La soglia del 20% (che certo è meglio del 25% originario) sui ricavi complessivi del sistema della comunicazione fissata quale unico vero limite antitrust dà sì la possibilità anche ai grandi editori di giornali di fare Tv, eliminando una norma anacronistica e aprendo un potenziale spiraglio di pluralismo, ma lascia anche a Mediaset qualche possibilità in più nei giornali rispetto alla situazione attuale (di maniera sembrano le perplessità e le preoccupazioni di Confalonieri e dello stesso Saccà sulla legge). E il settore televisivo resta quanto mai ben tutelato per quanti oggi vi operano da protagonisti; non ci sarà più infatti quel limite antitrust specifico del 30% del mercato Tv su cui la solita Authority continuava da anni a indagare (evidenti e anche individuati erano gli "sforamenti" di Mediaset e soprattutto della Rai), senza poi avere il coraggio di intervenire davvero. Si tratterà adesso, probabilmente, sulla possibile quota di Telecom sul mercato della comunicazione, che è già passata in poche ore dal 5 al 10%. Poi verrà il capitolo del digitale.
C'è altresì tutta la parte della legge che riguarda la Rai, per la quale, sempre tutelando per un bel po' l'assetto attuale, si avvierà dal 2004 una privatizzazione quanto mai cauta, che darà all'azienda l'aspetto di una public company e lascerà al Ministero dell'Economia diversi poteri, mentre il presidente dovrà essere "super partes" e anche i presidenti delle Camere manterranno voce in capitolo.
Conservando intatte le sue reti attuali, la Rai ne realizzerà almeno altre due in digitale. A tutela della "devolution", infine, le Regioni avranno più poteri e stipuleranno loro contratti di servizio con la Rai.
E per chiudere, giacché la materia si è ingarbugliata da morire già da molti anni, il Governo chiede al Parlamento una delega per poter fare un po' d'ordine in tema di normativa radiotelevisiva.
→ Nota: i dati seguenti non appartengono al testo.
section \<open>Replacing A by a pure state\<close>

definition outer :: "nat \<Rightarrow> (nat \<Rightarrow> complex) \<Rightarrow> complex mat" where
  "outer d u = mat d d (\<lambda>(i, j). u i * cnj (u j))"

definition replace :: "nat \<Rightarrow> (nat \<Rightarrow> complex) \<Rightarrow> complex mat \<Rightarrow> complex mat" where
  "replace d u X = mtrace X \<cdot>\<^sub>m outer d u"

lemma replace_linear: "linear_map_on d (replace d u)"
  unfolding linear_map_on_def replace_def outer_def
  by (auto simp: mtrace_add mtrace_smult algebra_simps)

lemma replace_trace_preserving:
  assumes "(\<Sum>i<d. u i * cnj (u i)) = 1"
  shows "trace_preserving d (replace d u)"
  unfolding trace_preserving_def replace_def
proof
  fix M :: "complex mat" assume "M \<in> carrier_mat d d"
  have "mtrace (mtrace M \<cdot>\<^sub>m outer d u) = mtrace M * mtrace (outer d u)"
    by (rule mtrace_smult[of _ d]) (simp add: outer_def)
  also have "mtrace (outer d u) = 1" using assms by (simp add: outer_def mtrace_def)
  finally show "mtrace (mtrace M \<cdot>\<^sub>m outer d u) = mtrace M" by simp
qed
Questa legge - è scontato - sarà oggetto di un dibattito aspro e durissimo e in Parlamento potrà cambiare anche in modo significativo. Il ministro Gasparri ha lavorato duro per redigerla e ha probabilmente anche cercato di scontentare il meno possibile. Ma i nodi che rendono quanto mai scarso il pluralismo della Tv italiana restano tutti intatti. Viene da dire che per accontentare le richieste in merito del presidente Ciampi ci vorrebbe decisamente qualcosa di più... (M. R.).